◆ TASK DESCRIPTION
Please print each entry below exactly as it reads.
*** PROVIDED DATA Section Begins ***
(* Let $f\in\mathbb{R}[x_1,\ldots,x_n]$ be a homogeneous cubic polynomial (homogeneous of degree $3$) which is irreducible in $\mathbb{R}[x_1,\ldots,x_n]$, $f\not\equiv 0$. Then the zero set $\mathcal{F}(f)=f^{-1}(0)\subset\mathbb{R}^n$ contains a regular point of $f$, i.e. a point $x\in\mathbb{R}^n$ with $f(x)=0$ and $\nabla f(x)\neq 0$.
   Context: $\mathcal{F}(f):=\{x\in\mathbb{R}^n: f(x)=0\}$ denotes the zero set of $f$ in $\mathbb{R}^n$. *)

theory Defs
  imports "HOL-Analysis.Analysis" "HOL-Library.Poly_Mapping"
    "HOL-Computational_Algebra.Factorial_Ring"
begin

text \<open>Real polynomials in the variables indexed by the finite type 'n:
  a polynomial is a finitely supported map from monomials (exponent vectors) to real coefficients.  With 'n linearly ordered this type
  is an integral domain (instance from Poly_Mapping), i.e. the ring
  R[x_i : i in 'n].\<close>

type_synonym 'n rpoly = "('n \<Rightarrow>\<^sub>0 nat) \<Rightarrow>\<^sub>0 real"

definition rpoly_eval :: "('n::finite) rpoly \<Rightarrow> real ^ 'n \<Rightarrow> real" where
  "rpoly_eval f x = (\<Sum>(m::'n \<Rightarrow>\<^sub>0 nat)\<in>Poly_Mapping.keys f. Poly_Mapping.lookup f m * (\<Prod>i\<in>UNIV. (x $ i) ^ Poly_Mapping.lookup m i))"

definition mon_deg :: "('n::finite \<Rightarrow>\<^sub>0 nat) \<Rightarrow> nat" where
  "mon_deg m = (\<Sum>i\<in>UNIV. Poly_Mapping.lookup m i)"

definition homogeneous_of_degree :: "('n::finite) rpoly \<Rightarrow> nat \<Rightarrow> bool" where
  "homogeneous_of_degree f d \<longleftrightarrow> (\<forall>m\<in>Poly_Mapping.keys f. mon_deg m = d)"

definition rpoly_pderiv :: "'n \<Rightarrow> ('n::finite) rpoly \<Rightarrow> 'n rpoly" where
  "rpoly_pderiv i f =
     (\<Sum>(m::'n \<Rightarrow>\<^sub>0 nat)\<in>Poly_Mapping.keys f. Poly_Mapping.single (m - Poly_Mapping.single i 1)
                     (Poly_Mapping.lookup f m * of_nat (Poly_Mapping.lookup m i)))"

definition rpoly_grad :: "('n::finite) rpoly \<Rightarrow> real ^ 'n \<Rightarrow> real ^ 'n" where
  "rpoly_grad f x = (\<chi> i. rpoly_eval (rpoly_pderiv i f) x)"

definition zero_set :: "('n::finite) rpoly \<Rightarrow> (real ^ 'n) set" where
  "zero_set f = {x. rpoly_eval f x = 0}"

end

theory Submission
  imports Defs "HOL-Computational_Algebra.Polynomial"
begin

text \<open>Suppose every zero of the cubic form \<open>f\<close> is singular, and pick \<open>p\<close> with \<open>f p = a \<noteq> 0\<close>.
  For every \<open>y\<close> the cubic \<open>s \<mapsto> f (s p + y) = a s\<^sup>3 + h\<^sub>2 s\<^sup>2 + h\<^sub>1 s + f y\<close> then has only
  multiple roots (a root is a zero of \<open>f\<close>, where the derivative in direction \<open>p\<close> vanishes),
  so it is a perfect cube and \<open>27 a\<^sup>2 f y = h\<^sub>2\<^sup>3\<close>.  By homogeneity \<open>h\<^sub>2\<close> is the derivative
  of \<open>f\<close> at \<open>p\<close> in direction \<open>y\<close>, a linear form in \<open>y\<close>.  Hence \<open>f\<close> is a constant multiple
  of the cube of a linear form, contradicting irreducibility.\<close>

definition monomial_eval :: "('n::finite \<Rightarrow>\<^sub>0 nat) \<Rightarrow> real^'n \<Rightarrow> real" where
  "monomial_eval m x = (\<Prod>i\<in>UNIV. (x$i) ^ Poly_Mapping.lookup m i)"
*** PROVIDED DATA Section Ends ***
◆ WRITTEN RESPONSE
(* Let $f\in\mathbb{R}[x_1,\ldots,x_n]$ be a homogeneous cubic polynomial (homogeneous of degree $3$) which is irreducible in $\mathbb{R}[x_1,\ldots,x_n]$, $f\not\equiv 0$. Then the zero set $\mathcal{F}(f)=f^{-1}(0)\subset\mathbb{R}^n$ contains a regular point of $f$, i.e. a point $x\in\mathbb{R}^n$ with $f(x)=0$ and $\nabla f(x)\neq 0$.
   Context: $\mathcal{F}(f):=\{x\in\mathbb{R}^n: f(x)=0\}$ denotes the zero set of $f$ in $\mathbb{R}^n$. *)

theory Defs
  imports "HOL-Analysis.Analysis" "HOL-Library.Poly_Mapping"
    "HOL-Computational_Algebra.Factorial_Ring"
begin

text \<open>Real polynomials in the variables indexed by the finite type 'n:
  a polynomial is a finitely supported map from monomials (exponent vectors) to real coefficients.  With 'n linearly ordered this type
  is an integral domain (instance from Poly_Mapping), i.e. the ring
  R[x_i : i in 'n].\<close>

type_synonym 'n rpoly = "('n \<Rightarrow>\<^sub>0 nat) \<Rightarrow>\<^sub>0 real"

definition rpoly_eval :: "('n::finite) rpoly \<Rightarrow> real ^ 'n \<Rightarrow> real" where
  "rpoly_eval f x = (\<Sum>(m::'n \<Rightarrow>\<^sub>0 nat)\<in>Poly_Mapping.keys f. Poly_Mapping.lookup f m * (\<Prod>i\<in>UNIV. (x $ i) ^ Poly_Mapping.lookup m i))"

definition mon_deg :: "('n::finite \<Rightarrow>\<^sub>0 nat) \<Rightarrow> nat" where
  "mon_deg m = (\<Sum>i\<in>UNIV. Poly_Mapping.lookup m i)"

definition homogeneous_of_degree :: "('n::finite) rpoly \<Rightarrow> nat \<Rightarrow> bool" where
  "homogeneous_of_degree f d \<longleftrightarrow> (\<forall>m\<in>Poly_Mapping.keys f. mon_deg m = d)"

definition rpoly_pderiv :: "'n \<Rightarrow> ('n::finite) rpoly \<Rightarrow> 'n rpoly" where
  "rpoly_pderiv i f =
     (\<Sum>(m::'n \<Rightarrow>\<^sub>0 nat)\<in>Poly_Mapping.keys f. Poly_Mapping.single (m - Poly_Mapping.single i 1)
                     (Poly_Mapping.lookup f m * of_nat (Poly_Mapping.lookup m i)))"

definition rpoly_grad :: "('n::finite) rpoly \<Rightarrow> real ^ 'n \<Rightarrow> real ^ 'n" where
  "rpoly_grad f x = (\<chi> i. rpoly_eval (rpoly_pderiv i f) x)"

definition zero_set :: "('n::finite) rpoly \<Rightarrow> (real ^ 'n) set" where
  "zero_set f = {x. rpoly_eval f x = 0}"

end

theory Submission
  imports Defs "HOL-Computational_Algebra.Polynomial"
begin

text \<open>Suppose every zero of the cubic form \<open>f\<close> is singular, and pick \<open>p\<close> with \<open>f p = a \<noteq> 0\<close>.
  For every \<open>y\<close> the cubic \<open>s \<mapsto> f (s p + y) = a s\<^sup>3 + h\<^sub>2 s\<^sup>2 + h\<^sub>1 s + f y\<close> then has only
  multiple roots (a root is a zero of \<open>f\<close>, where the derivative in direction \<open>p\<close> vanishes),
  so it is a perfect cube and \<open>27 a\<^sup>2 f y = h\<^sub>2\<^sup>3\<close>.  By homogeneity \<open>h\<^sub>2\<close> is the derivative
  of \<open>f\<close> at \<open>p\<close> in direction \<open>y\<close>, a linear form in \<open>y\<close>.  Hence \<open>f\<close> is a constant multiple
  of the cube of a linear form, contradicting irreducibility.\<close>

definition monomial_eval :: "('n::finite \<Rightarrow>\<^sub>0 nat) \<Rightarrow> real^'n \<Rightarrow> real" where
  "monomial_eval m x = (\<Prod>i\<in>UNIV. (x$i) ^ Poly_Mapping.lookup m i)"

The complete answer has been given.